1. ¹Departments of Clinical Pharmacy and General Internal Medicine and Nijmegen University Centre for Infectious Diseases, Radboud University Nijmegen Medical Centre, Nijmegen
2. ²The Hague Hospitals Central Pharmacy, The Hague
3. ³Xendo Drug Development Services, Groningen.

Correspondence: Rob E. Aarnoutse, PharmD, PhD, Department of Clinical Pharmacy, Radboud University Nijmegen Medical Centre, PO Box 9101, 533 KF, 6500 HB, Nijmegen, The Netherlands. E-mail: R.Aarnoutse@akf.umcn.nl

^*This work was financed by the Department of Clinical Pharmacy, Radboud University Nijmegen Medical Centre.

Received 25 March 2005; Accepted 6 September 2005.

Abstract

Objective: In the treatment of human immunodeficiency virus infection, the protease inhibitor ritonavir is used in a low dose (100 mg twice daily) to inhibit cytochrome P450 (CYP) 3A4 and thereby increase plasma concentrations of coadministered protease inhibitors. When applied in a therapeutic dose (600 mg twice daily), ritonavir also inhibits CYP2D6. The effect of low-dose ritonavir on CYP2D6 is unknown and was investigated in this study.

Methods: This was a 1-arm, 2-period, fixed-order study in 13 healthy male volunteers who were extensive metabolizers of CYP2D6. The first period examined baseline CYP2D6 activity by evaluating the pharmacokinetics of a single dose of desipramine and by metabolic phenotyping with dextromethorphan. During the second period, participants took ritonavir, 100 mg twice daily, for 2 weeks, followed by repeat assessment of desipramine pharmacokinetics and the dextromethorphan metabolic phenotype in the presence of ritonavir.
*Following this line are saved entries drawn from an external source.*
lemma prod_add_subsets:
  fixes F G :: "'b \<Rightarrow> 'a::comm_semiring_1"
  assumes I: "finite I" and X: "X \<subseteq> I"
  shows "(\<Prod>j\<in>I. if j \<in> X then F j + G j else F j) = (\<Sum>S\<in>Pow X. \<Prod>j\<in>I. if j \<in> S then G j else F j)"
proof -
  have split: "(\<Prod>j\<in>I. if j \<in> Y then H j else F j) = prod H Y * prod F (I - Y)"
    if "Y \<subseteq> I" for Y and H :: "'b \<Rightarrow> 'a"
  proof -
    have "I \<inter> {j. j \<in> Y} = Y" "I \<inter> - {j. j \<in> Y} = I - Y" using that by auto
    then show ?thesis using prod.If_cases[OF I, of "\<lambda>j. j \<in> Y" H F] by simp
  qed
  have fX: "finite X" using I X finite_subset by blast
  have "(\<Prod>j\<in>I. if j \<in> X then F j + G j else F j) = (\<Prod>j\<in>X. G j + F j) * prod F (I - X)"
    using split[OF X, of "\<lambda>j. F j + G j"] by (simp add: add.commute)
  also have "\<dots> = (\<Sum>S\<in>Pow X. prod G S * prod F (X - S) * prod F (I - X))"
    by (simp add: prod_add[OF fX] sum_distrib_right)
  also have "\<dots> = (\<Sum>S\<in>Pow X. prod G S * prod F (I - S))"
  proof (intro sum.cong refl)
    fix S assume "S \<in> Pow X"
    then have "I - S = (X - S) \<union> (I - X)" "(X - S) \<inter> (I - X) = {}" using X by auto
    then have "prod F (I - S) = prod F (X - S) * prod F (I - X)"
      using fX I by (simp add: prod.union_disjoint)
    then show "prod G S * prod F (X - S) * prod F (I - X) = prod G S * prod F (I - S)"
      by (simp add: mult.assoc)
  qed
  also have "\<dots> = (\<Sum>S\<in>Pow X. \<Prod>j\<in>I. if j \<in> S then G j else F j)"
    using split X by (intro sum.cong refl) auto
  finally show ?thesis .
qed

lemma dm_mat_carrier[simp]: "dm_mat A a d p \<in> carrier_mat d d" unfolding dm_mat_def by simp
lemma dm_mat_step_carrier[simp]: "dm_mat_step A a d X p \<in> carrier_mat d d" unfolding dm_mat_step_def by simp

lemma det_dm_mat_step:
  assumes "X \<subseteq> {0..<d}"
  shows "det (dm_mat_step A a d X p) = (\<Sum>S\<in>Pow X. det (dm_mat A a d (bump p S)))"
proof -
  let ?P = "{\<sigma>. \<sigma> permutes {0..<d}}"
  have "det (dm_mat_step A a d X p) = (\<Sum>\<sigma>\<in>?P. signof \<sigma> * (\<Prod>j<d. dm_mat_step A a d X p $$ (\<sigma> j, j)))"
    by (rule det_col[OF dm_mat_step_carrier])
  also have "\<dots> = (\<Sum>\<sigma>\<in>?P. signof \<sigma> * (\<Sum>S\<in>Pow X. \<Prod>j<d. dm_entry A a d (\<sigma> j) j (bump p S j)))"
  proof (rule sum.cong[OF refl])
    fix \<sigma> assume "\<sigma> \<in> ?P"
    then have s: "\<And>j. j < d \<Longrightarrow> \<sigma> j < d" using permutes_in_image by fastforce
    have "(\<Prod>j<d. dm_mat_step A a d X p $$ (\<sigma> j, j)) = (\<Prod>j<d. if j \<in> X then dm_entry A a d (\<sigma> j) j (p j) + dm_entry A a d (\<sigma> j) j (Suc (p j)) else dm_entry A a d (\<sigma> j) j (p j))"
      by (rule prod.cong[OF refl]) (auto simp: dm_mat_step_def s)
    also have "\<dots> = (\<Sum>S\<in>Pow X. \<Prod>j<d. if j \<in> S then dm_entry A a d (\<sigma> j) j (Suc (p j)) else dm_entry A a d (\<sigma> j) j (p j))"
      by (rule prod_add_subsets) (use assms in auto)
    also have "\<dots> = (\<Sum>S\<in>Pow X. \<Prod>j<d. dm_entry A a d (\<sigma> j) j (bump p S j))"
      by (intro sum.cong prod.cong refl) (auto simp: bump_def)
    finally show "signof \<sigma> * (\<Prod>j<d. dm_mat_step A a d X p $$ (\<sigma> j, j)) = signof \<sigma> * (\<Sum>S\<in>Pow X. \<Prod>j<d. dm_entry A a d (\<sigma> j) j (bump p S j))"
      by simp
  qed
  also have "\<dots> = (\<Sum>S\<in>Pow X. \<Sum>\<sigma>\<in>?P. signof \<sigma> * (\<Prod>j<d. dm_entry A a d (\<sigma> j) j (bump p S j)))"
    by (simp add: sum_distrib_left sum.swap[of _ ?P])
  also have "\<dots> = (\<Sum>S\<in>Pow X. det (dm_mat A a d (bump p S)))"
  proof (rule sum.cong[OF refl])
    fix S
    show "(\<Sum>\<sigma>\<in>?P. signof \<sigma> * (\<Prod>j<d. dm_entry A a d (\<sigma> j) j (bump p S j))) = det (dm_mat A a d (bump p S))"
      unfolding det_col[OF dm_mat_carrier]
    proof (rule sum.cong[OF refl])
      fix \<sigma> assume "\<sigma> \<in> ?P"
      then have s: "\<And>j. j < d \<Longrightarrow> \<sigma> j < d" using permutes_in_image by fastforce
      show "signof \<sigma> * (\<Prod>j<d. dm_entry A a d (\<sigma> j) j (bump p S j)) = signof \<sigma> * (\<Prod>j<d. dm_mat A a d (bump p S) $$ (\<sigma> j, j))"
        by (auto simp: dm_mat_def s intro!: prod.cong)
    qed
  qed
  finally show ?thesis .
qed

lemma ratio_prod_Suc: "1 \<le> x \<Longrightarrow> ratio_prod A a (Suc x) = ratio_prod A a x * (A x / a - 1)"
proof -
  assume "1 \<le> x"
  then have "{1..<Suc x} = insert x {1..<x}" by auto
  then show ?thesis unfolding ratio_prod_def by (simp add: mult.commute)
qed

lemma dm_entry_step:
  assumes "1 \<le> x" "a r \<noteq> 0"
  shows "dm_entry A a d r c x + dm_entry A a d r c (Suc x) = A x / a r * dm_entry A a d r c x"
  using assms unfolding dm_entry_def ratio_prod_Suc[OF assms(1)] by (simp add: field_simps)
text \<open>Conjugating away w and moving the lower unitriangular factor of each A(i) to the end of
  A(i - 1), the trace I_p becomes the trace J(0) of a product of p blocks
  E(a1, n + x + b1) E(a2, n + x + b2) E(a3, n + x + b3), n = 0, ..., p - 1, where
  E(a, w) = [a 1; w 0] and (a1, a2, a3) = (g, -f, f - g + t). Each of s0, s1, s2, \<pi> acts on these
  blocks by rotating the three factors cyclically, exchanging two adjacent factors and shifting x,
  so that it maps I_p to J(x) for x = 0, \<alpha>1, -\<alpha>2 or 1 - \<alpha>2.

  It remains to show J(x) = J(0) + c (x^p - x). As a polynomial in x, J is invariant under
  x \<mapsto> x + 1 and has degree < 2p, which forces this shape with c the coefficient of x^p. To compute c
  for odd p, expand the product into words in the three coefficient matrices of a block: the heavy
  words are killed by degree, the light non-constant ones cancel along rotation classes because
  power sums over \<open>\<int>/p\<close> vanish, and the constant word gives tr(H^p) = tr(H)^p = (a1+a2+a3)^p = t^p.
  For p = 2 the identity is checked directly.\<close>

section \<open>Arithmetic in characteristic p\<close>

lemma CHAR_eq_prime:
  assumes "prime p" "of_nat p = (0::'a::ring_1)"
  shows "CHAR('a) = p"
proof -
  have "CHAR('a) dvd p" using assms(2) by (simp add: of_nat_eq_0_iff_char_dvd)
  thus ?thesis using assms(1) CHAR_not_1 by (metis One_nat_def prime_nat_iff)
qed

lemma of_nat_eq_0_iff_prime_dvd:
  assumes "prime p" "of_nat p = (0::'a::ring_1)"
  shows "of_nat n = (0::'a) \<longleftrightarrow> p dvd n"
  using CHAR_eq_prime[OF assms] by (simp add: of_nat_eq_0_iff_char_dvd)

lemma of_nat_inj_below_prime:
  assumes "prime p" "of_nat p = (0::'a::ring_1)" "r < p" "s < p" "of_nat r = (of_nat s::'a)"
  shows "r = s"
  using assms(5) CHAR_eq_prime[OF assms(1,2)] assms(3,4)
  by (auto simp: of_nat_eq_iff_cong_CHAR intro: cong_less_modulus_unique_nat)

lemma of_nat_mod_eq:
  assumes "of_nat p = (0::'a::semiring_1)"
  shows "of_nat (n mod p) = (of_nat n :: 'a)"
proof -
  have "(of_nat n :: 'a) = of_nat p * of_nat (n div p) + of_nat (n mod p)"
    by (metis div_mult_mod_eq mult.commute of_nat_add of_nat_mult)
  thus ?thesis using assms by simp
qed

lemma of_nat_divide_in_prime_field:
  assumes "prime p" "of_nat p = (0::'a::field)" "of_nat b \<noteq> (0::'a)"
  shows "\<exists>r<p. (of_nat a / of_nat b :: 'a) = of_nat r"
proof -
  have "coprime b p"
    using assms by (metis of_nat_eq_0_iff_prime_dvd prime_imp_coprime coprime_commute)
  then obtain x where "[b * x = 1] (mod p)" using cong_solve_coprime_nat by auto
  hence "(of_nat b * of_nat x :: 'a) = 1"
    by (metis cong_def of_nat_1 of_nat_mod_eq[OF assms(2)] of_nat_mult)
  hence "(of_nat a / of_nat b :: 'a) = of_nat ((a * x) mod p)"
    using assms(3) by (simp add: of_nat_mod_eq[OF assms(2)] field_simps)
  thus ?thesis using assms(1) prime_gt_0_nat by (intro exI[of _ "(a * x) mod p"]) auto
qed

lemma binomial_commuting:
  fixes x y :: "'a::ring_1"
  assumes "x * y = y * x"
  shows "(x + y) ^ n = (\<Sum>k\<le>n. of_nat (n choose k) * x ^ k * y ^ (n - k))"
proof (induction n)
  case 0
  show ?case by simp
next
  case (Suc n)
  define a where "a k = of_nat (n choose k) * x ^ k * y ^ (Suc n - k)" for k
  define b where "b k = (if k = 0 then 0 else of_nat (n choose (k - 1)) * x ^ k * y ^ (Suc n - k))"
    for k
  have of_nat_left_commute: "z * (of_nat c * u) = of_nat c * (z * u)" for z u :: 'a and c
    by (metis mult.assoc mult_of_nat_commute)
  have x_step: "x * (of_nat c * x ^ k * y ^ m) = of_nat c * x ^ Suc k * y ^ m" for c k m
    by (simp add: mult.assoc of_nat_left_commute)
  have y_step: "y * (of_nat c * x ^ k * y ^ m) = of_nat c * x ^ k * y ^ Suc m" for c k m
    by (simp add: mult.assoc of_nat_left_commute power_commuting_commutes[OF assms, symmetric]
        flip: mult.assoc[of y])
  have "(x + y) ^ Suc n = (\<Sum>k\<le>n. of_nat (n choose k) * x ^ Suc k * y ^ (n - k))
      + (\<Sum>k\<le>n. of_nat (n choose k) * x ^ k * y ^ Suc (n - k))"
    by (simp only: power_Suc Suc.IH distrib_right sum_distrib_left x_step y_step sum.distrib)
  also have "(\<Sum>k\<le>n. of_nat (n choose k) * x ^ Suc k * y ^ (n - k)) = (\<Sum>k\<le>Suc n. b k)"
    by (subst sum.atMost_Suc_shift) (simp add: b_def)
  also have "(\<Sum>k\<le>n. of_nat (n choose k) * x ^ k * y ^ Suc (n - k)) = (\<Sum>k\<le>Suc n. a k)"
    by (simp add: sum.atMost_Suc a_def Suc_diff_le binomial_eq_0)
  finally have "(x + y) ^ Suc n = (\<Sum>k\<le>Suc n. b k + a k)"
    by (simp add: sum.distrib)
  moreover have "b k + a k = of_nat (Suc n choose k) * x ^ k * y ^ (Suc n - k)" for k
    by (cases k) (simp_all add: a_def b_def distrib_right)
  ultimately show ?case by simp
qed

lemma add_power_prime_char_commuting:
  fixes x y :: "'a::ring_1"
  assumes "prime p" "of_nat p = (0::'a)" "x * y = y * x"
  shows "(x + y) ^ p = x ^ p + y ^ p"
proof -
  have p: "0 < p" using assms(1) prime_gt_0_nat by blast
  have "of_nat (p choose k) = (0::'a)" if "0 < k" "k < p" for k
    using dvd_choose_prime[of k p] that assms(1,2) by (auto simp: of_nat_eq_0_iff_prime_dvd)
  hence "(\<Sum>k\<in>{1..<p}. of_nat (p choose k) * x ^ k * y ^ (p - k)) = 0"
    by (intro sum.neutral) auto
  moreover have "{..p} = insert 0 (insert p {1..<p})" using p by auto
  ultimately show ?thesis using p by (simp add: binomial_commuting[OF assms(3)] add.commute)
qed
Results: Low-dose ritonavir (100 mg twice daily) significantly increased the exposure to single-dose desipramine, as reflected in a geometric mean ratio (with ritonavir/without ritonavir) of 1.26 (95% confidence interval, 1.13-1.40) for the desipramine area under the concentration versus time curve from time 0 to infinity (P<.001). Coadministration of low-dose ritonavir did not significantly affect the dextromethorphan/dextrorphan urinary metabolic ratio and did not convert any extensive metabolizer to a poor metabolizer.

Conclusions: Low-dose ritonavir (100 mg twice daily) exerts a modest inhibitory effect on the activity of CYP2D6 in extensive metabolizers, as assessed with desipramine as the index substrate. This effect was not apparent with the dextromethorphan/dextrorphan metabolic ratio as an indicator for CYP2D6 activity. It is expected that the effect of low-dose ritonavir on CYP2D6 will not require standard dose reductions for CYP2D6 substrates.